Stored data:
========

(* Let $H$ be a complex Hilbert space and $\{\mathcal{U}(t)\}_{t\geq 0}$ a strongly continuous semigroup on $H$ with generator $\mathcal{L}$. Let $z\in D(\mathcal{L}^\dagger)$ with $z\neq0$, $\mathcal{P}:=(\cdot,z)(z,z)^{-1}z$, $\mathcal{Q}:=1-\mathcal{P}$. For $x\in H$ let $f(x,\cdot):\mathbb{R}_+\to\mathbb{C}$ be the unique continuous solution of $$f(x,t)=(\mathcal{U}(t)\mathcal{Q}x,\mathcal{Q}\mathcal{L}^\dagger z)(z,z)^{-1}-\int_0^tf(x,t-s)\,(\mathcal{U}(s)z,\mathcal{Q}\mathcal{L}^\dagger z)(z,z)^{-1}\,ds,$$ and define $u(x,t):=\mathcal{P}x+\mathcal{U}(t)\mathcal{Q}x-\int_0^tf(x,t-s)\,\mathcal{U}(s)z\,ds$. Then $\overline{\mathcal{QL}}\mathcal{Q}=\mathcal{QLQ}$, and this operator generates the strongly continuous semigroup $\{\mathcal{G}(t):=u(\cdot,t)\}_{t\ge0}$.
   Context: The scalar product $(\cdot,\cdot)$ on $H$ is conjugate-linear in its second argument. The generator is $\mathcal{L}x:=\lim_{h\searrow 0}\frac1h[\mathcal{U}(h)x-x]$ on the set $D(\mathcal{L})$ where the limit exists; $\dagger$ denotes the adjoint, the overbar the closure. Operator products carry natural domains: $D(\mathcal{QLQ})=\{x:\mathcal{Q}x\in D(\mathcal{L})\}$, $D(\overline{\mathcal{QL}}\mathcal{Q})=\{x:\mathcal{Q}x\in D(\overline{\mathcal{QL}})\}$. Integrals are Bochner integrals. *)

theory Defs
  imports "HOL-Analysis.Analysis"
begin

class complex_hilbert = banach +
  fixes scaleC :: "complex \<Rightarrow> 'a \<Rightarrow> 'a" (infixr "*\<^sub>C" 75)
    and cinner :: "'a \<Rightarrow> 'a \<Rightarrow> complex"
  assumes scaleC_add_right: "a *\<^sub>C (x + y) = a *\<^sub>C x + a *\<^sub>C y"
    and scaleC_add_left: "(a + b) *\<^sub>C x = a *\<^sub>C x + b *\<^sub>C x"
    and scaleC_scaleC: "a *\<^sub>C (b *\<^sub>C x) = (a * b) *\<^sub>C x"
    and scaleC_one: "1 *\<^sub>C x = x"
    and scaleR_scaleC: "scaleR r x = complex_of_real r *\<^sub>C x"
    and cinner_add_left: "cinner (x + y) z = cinner x z + cinner y z"
    and cinner_scaleC_left: "cinner (a *\<^sub>C x) y = a * cinner x y"
    and cinner_commute: "cinner x y = cnj (cinner y x)"
    and cinner_self_norm: "cinner x x = complex_of_real ((norm x)\<^sup>2)"

definition bounded_clin :: "('a::complex_hilbert \<Rightarrow> 'a) \<Rightarrow> bool" where
  "bounded_clin T \<longleftrightarrow> (\<forall>x y. T (x + y) = T x + T y) \<and> (\<forall>a x. T (a *\<^sub>C x) = a *\<^sub>C T x)
     \<and> (\<exists>K. \<forall>x. norm (T x) \<le> K * norm x)"

text \<open>Strongly continuous semigroup {U(t)}, t \<ge> 0 (values at negative t are irrelevant).\<close>
definition c0_semigroup :: "(real \<Rightarrow> 'a::complex_hilbert \<Rightarrow> 'a) \<Rightarrow> bool" where
  "c0_semigroup U \<longleftrightarrow> (\<forall>t\<ge>0. bounded_clin (U t)) \<and> U 0 = id
     \<and> (\<forall>s\<ge>0. \<forall>t\<ge>0. U (s + t) = U s \<circ> U t)
     \<and> (\<forall>x. ((\<lambda>t. U t x) \<longlongrightarrow> x) (at_right 0))"

definition gen_dom :: "(real \<Rightarrow> 'a::complex_hilbert \<Rightarrow> 'a) \<Rightarrow> 'a set" where
  "gen_dom U = {x. \<exists>l. ((\<lambda>h. scaleR (1 / h) (U h x - x)) \<longlongrightarrow> l) (at_right 0)}"

definition gen :: "(real \<Rightarrow> 'a::complex_hilbert \<Rightarrow> 'a) \<Rightarrow> 'a \<Rightarrow> 'a" where
  "gen U x = Lim (at_right 0) (\<lambda>h. scaleR (1 / h) (U h x - x))"

definition adj_dom :: "'a::complex_hilbert set \<Rightarrow> ('a \<Rightarrow> 'a) \<Rightarrow> 'a set" where
  "adj_dom D A = {y. \<exists>w. \<forall>x\<in>D. cinner (A x) y = cinner x w}"

definition adj :: "'a::complex_hilbert set \<Rightarrow> ('a \<Rightarrow> 'a) \<Rightarrow> 'a \<Rightarrow> 'a" where
  "adj D A y = (THE w. \<forall>x\<in>D. cinner (A x) y = cinner x w)"

definition op_graph :: "'a::complex_hilbert set \<Rightarrow> ('a \<Rightarrow> 'a) \<Rightarrow> ('a \<times> 'a) set" where
  "op_graph D A = {(x, A x) | x. x \<in> D}"

definition closable :: "'a::complex_hilbert set \<Rightarrow> ('a \<Rightarrow> 'a) \<Rightarrow> bool" where
  "closable D A \<longleftrightarrow> (\<forall>x y y'. (x, y) \<in> closure (op_graph D A) \<and> (x, y') \<in> closure (op_graph D A) \<longrightarrow> y = y')"

definition op_closure_dom :: "'a::complex_hilbert set \<Rightarrow> ('a \<Rightarrow> 'a) \<Rightarrow> 'a set" where
  "op_closure_dom D A = {x. \<exists>y. (x, y) \<in> closure (op_graph D A)}"

definition op_closure :: "'a::complex_hilbert set \<Rightarrow> ('a \<Rightarrow> 'a) \<Rightarrow> 'a \<Rightarrow> 'a" where
  "op_closure D A x = (THE y. (x, y) \<in> closure (op_graph D A))"

end

theory Submission
  imports Defs
begin

text \<open>Write \<open>\<phi>(b) = (b, QL\<^sup>\<dagger>z)/(z, z)\<close> and \<open>k(s) = \<phi>(U(s)z)\<close>. Then \<open>f(x, \<cdot>)\<close> solves the
  linear Volterra equation \<open>f(x, \<cdot>) = \<phi>(U(\<cdot>)Qx) - f(x, \<cdot>) \<star> k\<close> (convolution over \<open>[0, t]\<close>),
  whose continuous solutions are unique and, by Gronwall's inequality, bounded on compact
  intervals. Uniqueness makes \<open>f\<close> linear and bounded in \<open>x\<close> and gives the shift rule
  \<open>f(u(x, t), s) = f(x, s + t)\<close>, from which the semigroup law follows by splitting the memory
  integral \<open>\<integral>\<^sub>0\<^sup>t f(x, t - s) U(s)z ds\<close> at \<open>t\<close>.

  Since \<open>z \<in> D(L\<^sup>\<dagger>)\<close>, \<open>(U(t)b, z) = (b, z) + \<integral>\<^sub>0\<^sup>t (U(s)b, L\<^sup>\<dagger>z) ds\<close>. Together with Fubini this
  shows that \<open>h(t) = (u(x, t) - Px, z)\<close> satisfies \<open>h(t) = \<kappa> \<integral>\<^sub>0\<^sup>t h\<close>, so \<open>h = 0\<close>: the semigroup
  moves only the component orthogonal to \<open>z\<close>, and \<open>Q u(x, t) = u(x, t) - Px\<close>.

  The difference quotient of the memory term tends to \<open>f(x, 0)z = PLQx\<close>, so \<open>(u(x, h) - x)/h\<close>
  converges exactly when \<open>(U(h)Qx - Qx)/h\<close> does, with limit \<open>LQx - PLQx = QLQx\<close>. Finally \<open>QL\<close>
  is already closed on \<open>D(L)\<close>, because \<open>PLx = (x, L\<^sup>\<dagger>z)(z, z)\<^sup>-\<^sup>1z\<close> is continuous in \<open>x\<close> and
  \<open>L\<close> is closed.\<close>

section \<open>Complex inner product algebra\<close>

lemma cinner_add_right: "cinner (x::'a::complex_hilbert) (y + z) = cinner x y + cinner x z"
  by (metis cinner_commute cinner_add_left complex_cnj_add)

lemma cinner_scaleC_right: "cinner x (a *\<^sub>C y) = cnj a * cinner x y"
  by (metis cinner_commute cinner_scaleC_left complex_cnj_mult complex_cnj_cnj)

lemma cinner_zero_left [simp]: "cinner 0 y = 0"
  using cinner_add_left[of 0 0 y] by simp

lemma cinner_zero_right [simp]: "cinner x 0 = 0"
  using cinner_add_right[of x 0 0] by simp

lemma cinner_minus_left: "cinner (- x) y = - cinner x y"
  using cinner_add_left[of x "-x" y] by (metis minus_unique add.right_inverse cinner_zero_left)

lemma cinner_diff_left: "cinner (x - y) z = cinner x z - cinner y z"
  using cinner_add_left[of x "-y" z] cinner_minus_left[of y z] by simp

lemma cinner_minus_right: "cinner x (- y) = - cinner x y"
  by (metis cinner_commute cinner_minus_left complex_cnj_minus)

lemma cinner_diff_right: "cinner x (y - z) = cinner x y - cinner x z"
  using cinner_add_right[of x y "-z"] cinner_minus_right[of x z] by simp

lemma cinner_self_eq_zero: "cinner x x = 0 \<longleftrightarrow> x = 0"
  by (simp add: cinner_self_norm)

lemma scaleC_zero_right [simp]: "a *\<^sub>C 0 = 0"
  using scaleC_add_right[of a 0 0] by simp

lemma scaleC_zero_left [simp]: "0 *\<^sub>C x = 0"
  using scaleR_scaleC[of 0 x] by (metis of_real_0 scale_zero_left)

lemma scaleC_minus_right: "a *\<^sub>C (- x) = - (a *\<^sub>C x)"
  using scaleC_add_right[of a x "-x"] by (metis minus_unique add.right_inverse scaleC_zero_right)

lemma scaleC_diff_right: "a *\<^sub>C (x - y) = a *\<^sub>C x - a *\<^sub>C y"
  using scaleC_add_right[of a x "-y"] scaleC_minus_right[of a y] by simp

lemma scaleC_of_real: "complex_of_real r *\<^sub>C x = r *\<^sub>R x"
  by (simp add: scaleR_scaleC)
definition filter_coords :: "nat \<Rightarrow> ((nat \<times> 'p) + nat) set" where
  "filter_coords i = range (\<lambda>m. Inl (i, m))"

definition neuron_coords :: "nat \<Rightarrow> ((nat \<times> 'p) + nat) set" where
  "neuron_coords i = insert (Inr (q i)) (filter_coords i)"

lemma coords_mem [simp]:
  "Inl (i, m) \<in> filter_coords i" "Inl (i, m) \<in> neuron_coords i" "Inr (q i) \<in> neuron_coords i"
  by (simp_all add: filter_coords_def neuron_coords_def)

lemma w_measurable: "i \<ge> 1 \<Longrightarrow> (\<lambda>\<omega>. w i \<omega> $ m) \<in> borel_measurable M"
  using distributed_measurable[OF w_normal] by simp

lemma V_measurable: "i \<ge> 1 \<Longrightarrow> V (q i) \<in> borel_measurable M"
  using distributed_measurable[OF V_normal] by simp

lemma indep_neuron_functions:
  assumes "i \<ge> 1" "j \<ge> 1" "i \<noteq> j"
    and "F \<in> borel_measurable (PiM (neuron_coords i) (\<lambda>_. borel))"
    and "G \<in> borel_measurable (PiM (neuron_coords j) (\<lambda>_. borel))"
  shows "indep_var borel (\<lambda>\<omega>. F (restrict (\<lambda>z. gbp_weights w V z \<omega>) (neuron_coords i)))
      borel (\<lambda>\<omega>. G (restrict (\<lambda>z. gbp_weights w V z \<omega>) (neuron_coords j)))"
proof (rule indep_var_restrict_compose[OF weights_indep _ _ _ assms(4,5)])
  show "neuron_coords i \<inter> neuron_coords j = {}"
    using assms(1-3) inj_onD[OF q_inj, of i j] by (auto simp: neuron_coords_def filter_coords_def)
qed (use assms(1,2) in \<open>auto simp: neuron_coords_def filter_coords_def\<close>)

lemma indep_V_filter_function:
  assumes "i \<ge> 1" and "F \<in> borel_measurable (PiM (filter_coords i) (\<lambda>_. borel))"
  shows "indep_var borel (V (q i)) borel (\<lambda>\<omega>. F (restrict (\<lambda>z. gbp_weights w V z \<omega>) (filter_coords i)))"
proof -
  have "indep_var borel (\<lambda>\<omega>. (\<lambda>f. f (Inr (q i))) (restrict (\<lambda>z. gbp_weights w V z \<omega>) {Inr (q i)}))
      borel (\<lambda>\<omega>. F (restrict (\<lambda>z. gbp_weights w V z \<omega>) (filter_coords i)))"
    using assms
    by (intro indep_var_restrict_compose[OF weights_indep] measurable_component_singleton)
      (auto simp: filter_coords_def)
  then show ?thesis
    by simp
qed

lemma expectation_halfspace_filter:
  assumes i: "i \<ge> 1" and y: "y \<noteq> 0"
  shows "integrable M (\<lambda>\<omega>. ind (w i \<omega> \<bullet> y) * w i \<omega> $ l)"
    and "expectation (\<lambda>\<omega>. ind (w i \<omega> \<bullet> y) * w i \<omega> $ l) = c * y $ l / (norm y * sqrt (2 * pi))"
proof -
  define u :: "(nat \<times> 'p) + nat \<Rightarrow> real" where "u z = (case z of Inl (_, m) \<Rightarrow> y $ m | Inr _ \<Rightarrow> 0)" for z
  have reindex: "(\<Sum>z\<in>filter_coords i. f z) = (\<Sum>m\<in>UNIV. f (Inl (i, m)))" for f :: "_ \<Rightarrow> real"
    unfolding filter_coords_def by (rule sum.reindex_cong[where l = "\<lambda>m. Inl (i, m)"]) (auto intro: inj_onI)
  have indep: "indep_vars (\<lambda>_. borel) (gbp_weights w V) (filter_coords i)"
    using i by (intro indep_vars_subset[OF weights_indep]) (auto simp: filter_coords_def)
  have normal: "distributed M lborel (gbp_weights w V z) (normal_density 0 c)" if "z \<in> filter_coords i" for z
    using that w_normal[OF i] by (auto simp: filter_coords_def gbp_weights_def)
  have nonzero: "\<exists>z\<in>filter_coords i. u z \<noteq> 0"
    using y by (auto simp: vec_eq_iff u_def filter_coords_def)
  have finite: "finite (filter_coords i)"
    by (simp add: filter_coords_def)
  note halfspace = expectation_halfspace_indep_normals[OF c_pos finite coords_mem(1) indep normal nonzero]
  have "(\<Sum>z\<in>filter_coords i. u z * gbp_weights w V z \<omega>) = w i \<omega> \<bullet> y" for \<omega>
    by (simp add: reindex u_def gbp_weights_def inner_vec_eq_sum mult.commute)
  moreover have "sqrt (\<Sum>z\<in>filter_coords i. (u z)\<^sup>2) = norm y"
    by (simp add: reindex u_def norm_vec_def L2_set_def)
  ultimately show "integrable M (\<lambda>\<omega>. ind (w i \<omega> \<bullet> y) * w i \<omega> $ l)"
    and "expectation (\<lambda>\<omega>. ind (w i \<omega> \<bullet> y) * w i \<omega> $ l) = c * y $ l / (norm y * sqrt (2 * pi))"
    using halfspace by (simp_all add: filter_coords_def u_def gbp_weights_def)
qed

========

Your objective: The required output is a copy of each line in the records where the string "longleftrightarrow" occurs.

Worked solution:
  "bounded_clin T \<longleftrightarrow> (\<forall>x y. T (x + y) = T x + T y) \<and> (\<forall>a x. T (a *\<^sub>C x) = a *\<^sub>C T x)
  "c0_semigroup U \<longleftrightarrow> (\<forall>t\<ge>0. bounded_clin (U t)) \<and> U 0 = id
  "closable D A \<longleftrightarrow> (\<forall>x y y'. (x, y) \<in> closure (op_graph D A) \<and> (x, y') \<in> closure (op_graph D A) \<longrightarrow> y = y')"
lemma cinner_self_eq_zero: "cinner x x = 0 \<longleftrightarrow> x = 0"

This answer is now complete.